The economy of the island is almost exclusively centred on tourism, especially scuba diving.
Ko Tao was named by its first settlers after the island's turtle-like geographic shape. Coincidentally, the island is an important breeding ground for Hawksbill turtles and Green turtles. Development of tourism has negatively impacted the health of these grounds but a breeding programme organised in 2004 by the Royal Thai Navy and KT-DOC, a coalition of local scuba diving centres, has reintroduced hundreds of juvenile turtles to the island's ecosystem.
Initially[when?] the island was uninhabited, with only the occasional fisherman from the neighbouring islands, looking for shelter in a storm or just resting before continuing on his journey.
It would appear from old maps and descriptions that this island was known by European cartographers and mariners as "Pulo Bardia". The old maps show a chain of three islands aligned north-south and lying off the east coast of the Malay Peninsula.
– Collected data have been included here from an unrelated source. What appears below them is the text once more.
lemma sum_variance_le:
  "(\<Sum>j<n. \<Sum>k<n. phat n r Us m i j k * (1 - phat n r Us m i j k) * (Wt n r Us m i j k * coef j k)\<^sup>2)
     \<le> 96 * noise_scale"
proof -
  have "phat n r Us m i j k * (1 - phat n r Us m i j k) * (Wt n r Us m i j k * coef j k)\<^sup>2
        \<le> 48 * noise_scale * \<bar>coef j k\<bar>" if "j < n" "k < n" for j k
  proof (cases "phat n r Us m i j k < 1")
    case True
    have "phat n r Us m i j k * (1 - phat n r Us m i j k) * (Wt n r Us m i j k * coef j k)\<^sup>2
        \<le> phat n r Us m i j k * (Wt n r Us m i j k * coef j k)\<^sup>2"
      using phat_bounds[of i j k] by (intro mult_right_mono) (auto simp: mult_left_le)
    also have "\<dots> = coef j k * (Wt n r Us m i j k * coef j k)"
      using phat_mult_Wt_coef[OF that, of i] by (simp add: power2_eq_square mult.assoc[symmetric])
    also have "\<dots> \<le> \<bar>coef j k\<bar> * \<bar>Wt n r Us m i j k * coef j k\<bar>"
      by (simp only: abs_mult[symmetric] abs_ge_self)
    also have "\<dots> \<le> \<bar>coef j k\<bar> * (48 * noise_scale)"
      using abs_Wt_coef_le[OF that True] by (intro mult_left_mono) simp_all
    finally show ?thesis by (simp add: mult_ac)
  next
    case False
    then have "phat n r Us m i j k = 1" using phat_bounds[of i j k] by simp
    moreover have "0 \<le> 48 * noise_scale * \<bar>coef j k\<bar>"
      by (intro mult_nonneg_nonneg) (use noise_scale_pos in auto)
    ultimately show ?thesis by simp
  qed
  then have "(\<Sum>j<n. \<Sum>k<n. phat n r Us m i j k * (1 - phat n r Us m i j k) * (Wt n r Us m i j k * coef j k)\<^sup>2)
      \<le> (\<Sum>j<n. \<Sum>k<n. 48 * noise_scale * \<bar>coef j k\<bar>)"
    by (intro sum_mono) auto
  also have "\<dots> = 48 * noise_scale * (\<Sum>j<n. \<Sum>k<n. \<bar>coef j k\<bar>)"
    by (simp only: sum_distrib_left)
  also have "\<dots> \<le> 48 * noise_scale * 2"
    using sum_abs_coef_le_2 noise_scale_pos by (intro mult_left_mono) auto
  finally show ?thesis by simp
qed

abbreviation "sample_prob \<equiv> \<lambda>(i, j, k). phat n r Us m i j k"

abbreviation "slice_weight i \<equiv> \<lambda>(i', j, k). if i' = i then Wt n r Us m i j k * coef j k else 0"

lemma delta_pmf_eq_Pi_pmf:
  "delta_pmf n r Us m = Pi_pmf ({..<n} \<times> {..<n} \<times> {..<n}) False (\<lambda>x. bernoulli_pmf (sample_prob x))"
  unfolding delta_pmf_def by (simp add: case_prod_beta')
(* Let $\mathcal{X}$ and $\mathcal{Y}$ be directed spaces and let $f:\mathcal{X}\to\mathcal{Y}$ be a morphism of directed spaces admitting an inverse morphism of directed spaces $g:\mathcal{Y}\to\mathcal{X}$ (i.e. $f\circ g=\mathrm{Id}$, $g\circ f=\mathrm{Id}$). Then for every $n\geq 1$, the natural homology functors $\overrightarrow{H}_n(\mathcal{X}):F\overrightarrow{P}(\mathcal{X})\to\mathbf{Ab}$ and $\overrightarrow{H}_n(\mathcal{Y}):F\overrightarrow{P}(\mathcal{Y})\to\mathbf{Ab}$ are bisimulation equivalent.
   Context: A directed space $\mathcal{X}=(X,dX)$ is a topological space $X$ with a set $dX$ of continuous paths $[0,1]\to X$ (dipaths) containing all constant paths, closed under monotone reparametrization (precomposition with continuous monotone $\varphi:[0,1]\to[0,1]$ with $\varphi(0)=0,\varphi(1)=1$) and under concatenation $\star$. A morphism of directed spaces is a continuous map sending dipaths to dipaths. A trace is the class of a dipath modulo monotone reparametrization; concatenation of traces is induced by that of dipaths. The trace space $\overrightarrow{T}(\mathcal{X})(x,y)$ is the space of dipaths from $x$ to $y$ (compact-open topology) modulo reparametrization, with quotient topology. The trace category $\overrightarrow{P}(\mathcal{X})$ has objects the points of $X$, morphisms the traces, composition by concatenation. For a category $\mathcal{C}$, its factorization category $F\mathcal{C}$ has objects the morphisms of $\mathcal{C}$, and a morphism $f\to f'$ is a pair $(u,v)$ of morphisms with $u f v=f'$ (in concatenation order), composition $(u,v)(u',v')=(u'u,vv')$. For $n\geq1$, the natural homology $\overrightarrow{H}_n(\mathcal{X}):F\overrightarrow{P}(\mathcal{X})\to\mathbf{Ab}$ sends a trace $f$ from $x$ to $y$ to $H_{n-1}(\overrightarrow{T}(\mathcal{X})(x,y))$ (singular homology) and a morphism $(u,v)$ to the map induced by $h\mapsto u\star h\star v$. Given small categories $A,B$ and functors $F:A\to\mathbf{Ab}$, $G:B\to\mathbf{Ab}$, a bisimulation is a set $R$ of triples $(a,\eta,b)$, $a$ an object of $A$, $b$ an object of $B$, $\eta:Fa\to Gb$ an isomorphism, such that (i) every object of $A$ and every object of $B$ occurs in some triple of $R$; (ii) for every $(a,\eta,b)\in R$ and morphism $i:a\to a'$ of $A$ there are $(a',\eta',b')\in R$ and $j:b\to b'$ in $B$ with $\eta'\circ Fi=Gj\circ\eta$, and symmetrically for every $j:b\to b'$ in $B$ there are $(a',\eta',b')\in R$ and $i:a\to a'$ with $\eta'\circ Fi=Gj\circ\eta$. $F$ and $G$ are bisimulation equivalent if such an $R$ exists. *)

theory Defs
  imports "HOL-Analysis.Analysis" "HOL-Homology.Homology"
begin

text \<open>Convention: a path is a function real => 'a that is extensional
  outside [0,1] (value undefined there), continuous on [0,1].\<close>

definition unit_interval :: "real topology" where
  "unit_interval = subtopology euclideanreal {0..1}"

definition is_path_in :: "'a topology \<Rightarrow> (real \<Rightarrow> 'a) \<Rightarrow> bool" where
  "is_path_in X p \<longleftrightarrow> p \<in> extensional {0..1} \<and> continuous_map unit_interval X p"
(* Let $R$ be a commutative ring and $I$ an invertible fractional ideal of $R$. If $M_1,\ldots,M_n$ are $R$-submodules of $T(R)$ with $I=\bigcup_{k=1}^n M_k$, then $I=M_k$ for some $k$.
   Context: All rings are commutative with $1\neq 0$. $T(R)$ denotes the total ring of fractions of $R$. A fractional ideal of $R$ is an $R$-submodule $I\subseteq T(R)$ such that $aI\subseteq R$ for some nonzerodivisor $a\in R$; for fractional ideals $I,J$, $IJ$ is the set of finite sums $\sum x_iy_i$ with $x_i\in I$, $y_i\in J$. A fractional ideal $I$ is invertible if $IJ=R$ for some fractional ideal $J$. *)

theory Defs
  imports Main
begin

definition subring_of :: "'a::comm_ring_1 set \<Rightarrow> bool" where
  "subring_of R \<longleftrightarrow> 0 \<in> R \<and> 1 \<in> R \<and> (\<forall>x\<in>R. \<forall>y\<in>R. x + y \<in> R \<and> x - y \<in> R \<and> x * y \<in> R)"

definition nzd_of :: "'a::comm_ring_1 set \<Rightarrow> 'a \<Rightarrow> bool" where
  "nzd_of R s \<longleftrightarrow> s \<in> R \<and> (\<forall>r\<in>R. s * r = 0 \<longrightarrow> r = 0)"

(* The ambient ring 'a (UNIV) is (a copy of) the total ring of fractions T(R) of R:
   R embeds as a subring, every nonzerodivisor of R is a unit, and every element is r/s
   with s a nonzerodivisor of R. This determines T(R) up to isomorphism over R. *)
definition total_ring_of_fractions :: "'a::comm_ring_1 set \<Rightarrow> bool" where
  "total_ring_of_fractions R \<longleftrightarrow> subring_of R
     \<and> (\<forall>s. nzd_of R s \<longrightarrow> (\<exists>t. s * t = 1))
     \<and> (\<forall>x. \<exists>r\<in>R. \<exists>s. nzd_of R s \<and> x * s = r)"

definition submodule_of :: "'a::comm_ring_1 set \<Rightarrow> 'a set \<Rightarrow> bool" where
  "submodule_of R M \<longleftrightarrow> 0 \<in> M \<and> (\<forall>x\<in>M. \<forall>y\<in>M. x + y \<in> M) \<and> (\<forall>r\<in>R. \<forall>x\<in>M. r * x \<in> M)"

definition fractional_ideal :: "'a::comm_ring_1 set \<Rightarrow> 'a set \<Rightarrow> bool" where
  "fractional_ideal R I \<longleftrightarrow> submodule_of R I \<and> (\<exists>a. nzd_of R a \<and> (\<forall>x\<in>I. a * x \<in> R))"

definition frac_prod :: "'a::comm_ring_1 set \<Rightarrow> 'a set \<Rightarrow> 'a set" where
  "frac_prod I J = {z. \<exists>n::nat. \<exists>f g. (\<forall>i<n. f i \<in> I \<and> g i \<in> J) \<and> z = (\<Sum>i<n. f i * g i)}"

definition invertible_frac :: "'a::comm_ring_1 set \<Rightarrow> 'a set \<Rightarrow> bool" where
  "invertible_frac R I \<longleftrightarrow> fractional_ideal R I \<and> (\<exists>J. fractional_ideal R J \<and> frac_prod I J = R)"

end

theory Submission
  imports Defs
begin

text \<open>Choose \<open>J\<close> with \<open>IJ = R\<close>. If \<open>1 \<in> M\<^sub>k J\<close> for some \<open>k\<close>, then every \<open>z \<in> I\<close> satisfies
  \<open>z \<in> z M\<^sub>k J = M\<^sub>k (zJ) \<subseteq> M\<^sub>k\<close>, so \<open>I = M\<^sub>k\<close>. Otherwise each \<open>M\<^sub>k J\<close> is a proper ideal of \<open>R\<close>
  and lies in a maximal ideal \<open>P\<^sub>k\<close>. Since \<open>IJ\<close> lies in no maximal ideal, a Chinese-remainder
  style combination produces \<open>z \<in> I\<close> with \<open>zJ \<not>\<subseteq> P\<^sub>k\<close> for every \<open>k\<close>; but \<open>z\<close> lies in some
  \<open>M\<^sub>k\<close>, whence \<open>zJ \<subseteq> M\<^sub>k J \<subseteq> P\<^sub>k\<close>.\<close>

definition ideal_of :: "'a::comm_ring_1 set \<Rightarrow> 'a set \<Rightarrow> bool" where
  "ideal_of R P \<longleftrightarrow> P \<subseteq> R \<and> submodule_of R P"

definition maximal_ideal_of :: "'a::comm_ring_1 set \<Rightarrow> 'a set \<Rightarrow> bool" where
  "maximal_ideal_of R P \<longleftrightarrow> ideal_of R P \<and> 1 \<notin> P
     \<and> (\<forall>Q. ideal_of R Q \<and> P \<subseteq> Q \<and> 1 \<notin> Q \<longrightarrow> Q = P)"

lemma subring_imp_submodule: "subring_of R \<Longrightarrow> submodule_of R R"
  unfolding subring_of_def submodule_of_def by blast

lemma submodule_diff:
  assumes "subring_of R" "submodule_of R M" "x \<in> M" "y \<in> M"
  shows "x - y \<in> M"
proof -
  have "-1 \<in> R" using assms(1) unfolding subring_of_def by (metis diff_0)
  then have "x + (-1) * y \<in> M" using assms(2-4) unfolding submodule_of_def by blast
  then show ?thesis by simp
qed

lemma submodule_sum:
  assumes "submodule_of R M" "\<And>i. i < (n::nat) \<Longrightarrow> h i \<in> M"
  shows "(\<Sum>i<n. h i) \<in> M"
  using assms(2) by (induction n) (use assms(1) in \<open>auto simp: submodule_of_def\<close>)

lemma submodule_Union_chain:
  assumes "C \<noteq> {}" "\<forall>M\<in>C. submodule_of R M" "\<forall>M\<in>C. \<forall>N\<in>C. M \<subseteq> N \<or> N \<subseteq> M"
  shows "submodule_of R (\<Union>C)"
  unfolding submodule_of_def
proof (intro conjI ballI)
  show "0 \<in> \<Union>C" using assms(1,2) unfolding submodule_of_def by blast
next
  fix x y assume "x \<in> \<Union>C" "y \<in> \<Union>C"
  then obtain M N where "M \<in> C" "N \<in> C" "x \<in> M" "y \<in> N" by blast
  with assms(2,3) show "x + y \<in> \<Union>C" unfolding submodule_of_def by (metis UnionI subsetD)
next
  fix r x assume "r \<in> R" "x \<in> \<Union>C"
  with assms(2) show "r * x \<in> \<Union>C" unfolding submodule_of_def by blast
qed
The most northerly and smallest of these islands is marked P. Bardia - the name sustained until the early 1900s. The best map example is a map by John Thornton from "The English Pilot, the Third Book", dated 1701 but the specific map of the Gulf of Siam is dated around 1677. . Also see maps of the East Indies by William Dampier c1697. By modern standards of accuracy, the islands are poorly placed on early maps. 17th century marine navigation and cartography used the 'backstaff' which, in this area, was accurate to one degree of longitude or around 60 nautical miles.
Page 383 of 'The Edinburgh Gazetteer, or Geographical Dictionary' (1822) also mentions the island and provides a geographical position. In his 1852 book titled "Narrative of a residence at the capital of the Kingdom of Siam" by Frederick Arthur Neale  he describes the people and wildlife of Bardia. According to the account there were farms and even cows in a village on the bay lying to the west side of the island. The book includes a fanciful illustration of 'Bardia' showing huts and palm trees.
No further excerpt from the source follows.